Usually not too many as the answers to those questions also need to be summarized very briefly in the final report. Unfortunately, relevant information is not always contained in the proposal text itself (either because authors prefer not to, or simply due to the lack of space). The basic idea was thus to parse the text and extract relevant references, search for them at ADS, download relevant pdfs and use those as context to answer the questions which need to be answered. As commonly done, context is accumulated via RAG. Here I use pinecore to store embedings, but in principle any vector DB will do. Let us start by reading the pdf of the proposal


In [151]:
import PyPDF2
import ads

# load enviromental variables for API keys. Don't forget to put those in .env file
# specifically OPENAI_API_KEY, PINECONE_API_KEY, and ADS_API_KEY
from dotenv import load_dotenv,find_dotenv
load_dotenv(find_dotenv())

import fitz  # PyMuPDF


def extract_text_from_pdf(pdf_path):
    with open(pdf_path, 'rb') as file:
        reader = PyPDF2.PdfFileReader(file)
        text = ''.encode('utf-8', 'ignore')
        for page_num in range(reader.numPages):
            page = reader.getPage(page_num)
            text += page.extractText().encode('utf-8', 'ignore')
    return text.decode('utf-8')

def extract_text_from_pdf_fitz(pdf_path):
    document = fitz.open(pdf_path)
    all_text = ""
    for page_num in range(len(document)):
        page = document.load_page(page_num)  # Load the page
        all_text += page.get_text()  # Extract text from the page
    return all_text

    
pdf_path = 'xmm_ao17_groj1744.pdf'  # Replace with your PDF file path
proposal_text = extract_text_from_pdf_fitz(pdf_path)

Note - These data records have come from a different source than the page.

lemma expectation_mode_sq:
  assumes count: "map_pmf fst R = binomial_pmf n r" and fin: "finite (set_pmf R)" and r: "0 < r" "r \<le> 1"
  shows "measure_pmf.expectation R (\<lambda>t. (fair_binomial_mode (fst t))^2) \<le> 2 / ((real n + 1) * r)"
proof -
  have "measure_pmf.expectation R (\<lambda>t. (fair_binomial_mode (fst t))^2)
        \<le> measure_pmf.expectation R (\<lambda>t. 2 * (1 / (real (fst t) + 1)))"
    using fin by (intro integral_mono integrable_measure_pmf_finite) (simp_all add: fair_binomial_mode_sq)
  also have "\<dots> = measure_pmf.expectation (map_pmf fst R) (\<lambda>m. 2 * (1 / (real m + 1)))"
    by simp
  also have "\<dots> = 2 * measure_pmf.expectation (binomial_pmf n r) (\<lambda>m. 1 / (real m + 1))"
    unfolding count by (rule integral_mult_right_zero)
  also have "\<dots> \<le> 2 / ((real n + 1) * r)"
    using binomial_inverse_moment[OF r, of n] by simp
  finally show ?thesis .
qed

text \<open>Averaging the conditional bound over the states and applying Cauchy-Schwarz bounds the
  distance of the two sums by the second moments of the gap and of the mode probability.\<close>
lemma split_coupling_tv:
  assumes R: "split_coupling N p q r R" and r: "0 < r" "r \<le> 1"
    and W: "measure_pmf.expectation R (\<lambda>t. (state_gap t)^2) \<le> W" "0 < W"
  shows "tv_dist (indep_ind_sum N p) (indep_ind_sum N q) \<le> sqrt (2 / ((real (card N) + 1) * r) * W)"
proof -
  define B where "B = 2 / ((real (card N) + 1) * r)"
  define mode where "mode t = fair_binomial_mode (fst t)" for t :: split_state
  note inv = R[unfolded split_coupling_def]
  have fin: "finite (set_pmf R)" using inv by simp
  have int: "integrable (measure_pmf R) h" for h :: "split_state \<Rightarrow> real"
    using fin by (rule integrable_measure_pmf_finite)
  have modes: "measure_pmf.expectation R (\<lambda>t. (mode t)^2) \<le> B"
    unfolding mode_def B_def using expectation_mode_sq[OF _ fin r] inv by simp
  have fin_given: "finite (set_pmf (sum_X_given t))" "finite (set_pmf (sum_Y_given t))" for t
    by (auto simp: sum_X_given_def sum_Y_given_def split: prod.split)
  have "\<bar>measure_pmf.prob (indep_ind_sum N p) A - measure_pmf.prob (indep_ind_sum N q) A\<bar> \<le> sqrt (W * B)" for A
  proof -
    define diff where "diff t = measure_pmf.prob (sum_X_given t) A - measure_pmf.prob (sum_Y_given t) A" for t
    have "\<bar>measure_pmf.prob (indep_ind_sum N p) A - measure_pmf.prob (indep_ind_sum N q) A\<bar>
          = \<bar>measure_pmf.expectation R diff\<bar>"
      using inv fin_given unfolding diff_def by (simp add: prob_bind_finite int)
    also have "\<dots> \<le> measure_pmf.expectation R (\<lambda>t. \<bar>diff t\<bar>)"
      using integral_norm_bound[of R diff] by simp
    also have "\<dots> \<le> measure_pmf.expectation R (\<lambda>t. \<bar>state_gap t\<bar> * \<bar>mode t\<bar>)"
      using sum_given_difference fair_binomial_mode_nonneg unfolding diff_def mode_def
      by (intro integral_mono int) simp
    also have "\<dots> \<le> sqrt (W * B)"
      using expectation_cauchy_schwarz[OF fin W(1) modes W(2)] r unfolding B_def by simp
    finally show ?thesis .
  qed
  then show ?thesis unfolding B_def by (intro tv_dist_le) (simp add: mult.commute)
qed
lemma orthonormal_eigvecs_Suc:
  assumes es: "orthonormal_eigvecs n A k u l"
    and w_unit: "(\<Sum>b<n. w b * w b) = 1"
    and w_orth: "\<And>j. j < k \<Longrightarrow> (\<Sum>b<n. u j b * w b) = 0"
    and Aw: "\<And>y. y < n \<Longrightarrow> (\<Sum>b<n. A $$ (y,b) * w b) = m * w y"
  shows "orthonormal_eigvecs n A (Suc k) (u(k := w)) (l(k := m))"
  unfolding orthonormal_eigvecs_def
proof (intro conjI allI impI)
  fix i j assume "i < Suc k" "j < Suc k"
  then consider "i < k" "j < k" | "i = k" "j < k" | "i < k" "j = k" | "i = k" "j = k"
    by (auto simp: less_Suc_eq)
  then show "(\<Sum>b<n. (u(k := w)) i b * (u(k := w)) j b) = (if i = j then 1 else 0)"
  proof cases
    case 1 then show ?thesis by (simp add: orthonormal_eigvecs_orth[OF es])
  next
    case 2 then show ?thesis using w_orth by (simp add: mult.commute)
  next
    case 3 then show ?thesis by (simp add: w_orth)
  next
    case 4 then show ?thesis by (simp add: w_unit)
  qed
next
  fix i y assume "i < Suc k" "y < n"
  then consider "i < k" | "i = k"
    by (auto simp: less_Suc_eq)
  then show "(\<Sum>b<n. A $$ (y,b) * (u(k := w)) i b) = (l(k := m)) i * (u(k := w)) i y"
  proof cases
    case 1 then show ?thesis by (simp add: orthonormal_eigvecs_eig[OF es] \<open>y < n\<close>)
  next
    case 2 then show ?thesis by (simp add: Aw \<open>y < n\<close>)
  qed
qed

text \<open>A symmetric matrix with fewer than \<open>n\<close> orthonormal eigenvectors has one more
  orthogonal to them: the trace forces the deflation at a suitable \<open>c\<close> to have an eigenvalue
  other than \<open>c\<close>, and the corresponding eigenvector is orthogonal to all \<open>u i\<close>, so the
  deflation acts on it as \<open>A\<close> does.\<close>

lemma orthonormal_eigvecs_extend:
  fixes A :: "real mat"
  assumes A: "A \<in> carrier_mat n n"
    and sym: "\<And>i j. i < n \<Longrightarrow> j < n \<Longrightarrow> A $$ (i,j) = A $$ (j,i)"
    and es: "orthonormal_eigvecs n A k u l" and "k < n"
  shows "\<exists>w m. orthonormal_eigvecs n A (Suc k) (u(k := w)) (l(k := m))"
proof -
  \<comment> \<open>chosen so that the deflation has trace \<open>n c - 1\<close>\<close>
  define c where "c = (mat_trace A - (\<Sum>i<k. l i) + 1) / real (n - k)"
  let ?D = "deflation n A k u l c"
  have "real (n - k) * c = mat_trace A - (\<Sum>i<k. l i) + 1"
    using \<open>k < n\<close> by (simp add: c_def)
  then have "mat_trace ?D \<noteq> real n * c"
    using \<open>k < n\<close> by (simp add: mat_trace_deflation[OF es A] algebra_simps)
  then obtain r x where "r \<noteq> c" and x_nz: "\<exists>b<n. x b \<noteq> 0"
    and Dx: "\<forall>y<n. (\<Sum>b<n. ?D $$ (y,b) * x b) = r * x y"
    using symmetric_eigenvalue_ne_if_mat_trace_ne[OF deflation_carrier deflation_symmetric[OF sym]]
    by blast
  have orth: "(\<Sum>b<n. u j b * x b) = 0" if "j < k" for j
    using deflation_symmetric[OF sym] Dx deflation_eigvec[OF es that] \<open>r \<noteq> c\<close>
    by (intro symmetric_eigvecs_orthogonal) auto
  have Ax: "(\<Sum>b<n. A $$ (y,b) * x b) = r * x y" if "y < n" for y
    using Dx that by (simp add: deflation_mult orth)
  obtain t where unit: "(\<Sum>b<n. (t * x b) * (t * x b)) = 1"
    using exists_unit_rescaling[OF x_nz] by blast
  define w where "w = (\<lambda>b. t * x b)"
  have w_unit: "(\<Sum>b<n. w b * w b) = 1"
    using unit by (simp add: w_def)
  have w_orth: "(\<Sum>b<n. u j b * w b) = 0" if "j < k" for j
    using orth[OF that] by (simp add: w_def sum_distrib_left[symmetric] mult_ac)
  have Aw: "(\<Sum>b<n. A $$ (y,b) * w b) = r * w y" if "y < n" for y
    using Ax[OF that] by (simp add: w_def sum_distrib_left[symmetric] mult_ac)
  from orthonormal_eigvecs_Suc[OF es w_unit w_orth Aw] show ?thesis by blast
qed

Proposal format is predefined, i.e. references shall be at the end. We can thus cut only the interesting part of the text to save some tokens

In [152]:
print(proposal_text)

The dark side of the bursting pulsar
PI: V. Doroshenko
COIs: A. Santangelo, S. Tsygankov, A. Mushtukov, R. Doroshenko, V. Suleimanov
1. Abstract
GRO J1744−28 is a unique source which appears as a transient accreting pulsar and a peculiar X-ray burster.
This unusual combination of properties is thought to be due to the magnetic ﬁeld strengh of the neutron
star, which being B ∼5 × 1011 G is both signiﬁcantly higher than in accreting millisecond pulsars but
lower than those of normal X-ray pulsars. Given the estimated ﬁeld, it has been suggested that outside of
the outbursts the source shall switch to the so-called “propeller” regime when the accretion is centrifugally
inhibited, and only non-pulsed thermal emission from neutron stars surface could still be observed. However,
several serendipuous detections of GRO J1744−28 in quiescence revealed a spectrum fully compatible with
that observed during the outbursts rather than much softer spectrum expected from a pulsar in “propeller”
regime

In [153]:
references_text = proposal_text[proposal_text.find('References\n'):]

In [154]:
print(references_text)

References
Cui, W. 1997, , 482, L163
D’A`
ı, A., Di Salvo, T., Iaria, R., et al. 2015, , 449, 4288
Daigne, F., Goldoni, P., Ferrando, P., et al. 2002, , 386, 531
de Jager, O. C., Raubenheimer, B. C., & Swanepoel, J. W. H. 1989, , 221, 180
Degenaar, N., Wijnands, R., Cackett, E. M., et al. 2012, , 545, A49
Doroshenko, R., Santangelo, A., Doroshenko, V., Suleimanov, V., & Piraino, S. 2015, , 452, 2490
Doroshenko, V., Santangelo, A., Doroshenko, R., et al. 2014, , 561, A96
Illarionov, A. F. & Sunyaev, R. A. 1975, , 39, 185
Nishiuchi, M., Koyama, K., Maeda, Y., et al. 1999, , 517, 436
Rappaport, S. & Joss, P. C. 1997, , 486, 435
Sanna, A., Riggio, A., Burderi, L., et al. 2017, , 469, 2
Tsygankov, S. S., Doroshenko, V., Lutovinov, A. A., Mushtukov, A. A., & Poutanen, J. 2017a, , 605, A39
Tsygankov, S. S., Lutovinov, A. A., Doroshenko, V., et al. 2016a, , 593, A16
Tsygankov, S. S., Mushtukov, A. A., Suleimanov, V. F., et al. 2017b, ArXiv e-prints
Tsygankov, S. S., Mushtukov, A. A., Suleimano

This has really simple format, but different authors may do it differently, so using LLMs is a more robust approach. Use OpenAI API for that:

In [155]:
promt = """You are a publication list parser. You parse the text consisting of textual references 
           to papers and output each publication in a separate line. Each line contains a 
           list of authors for a given publication and year of the publication as last element.
           You put all author names in quotation marks, remove et al. throughout the text.
           Substitute special characters with equivalent utf-8 symbols. Year must not contain any letters and must be a number separated by same symbol as authors in the author list. The text is:"""

In [156]:
from openai import OpenAI
client = OpenAI()

completion = client.chat.completions.create(
  model="gpt-3.5-turbo",
  messages=[
    {"role": "system", "content": promt},
    {"role": "user", "content": references_text}
  ], temperature=0
)

So now we have reference strings parsed by GPT

In [157]:
paper_search_strings = completion.choices[0].message.content.split('\n')
print(paper_search_strings)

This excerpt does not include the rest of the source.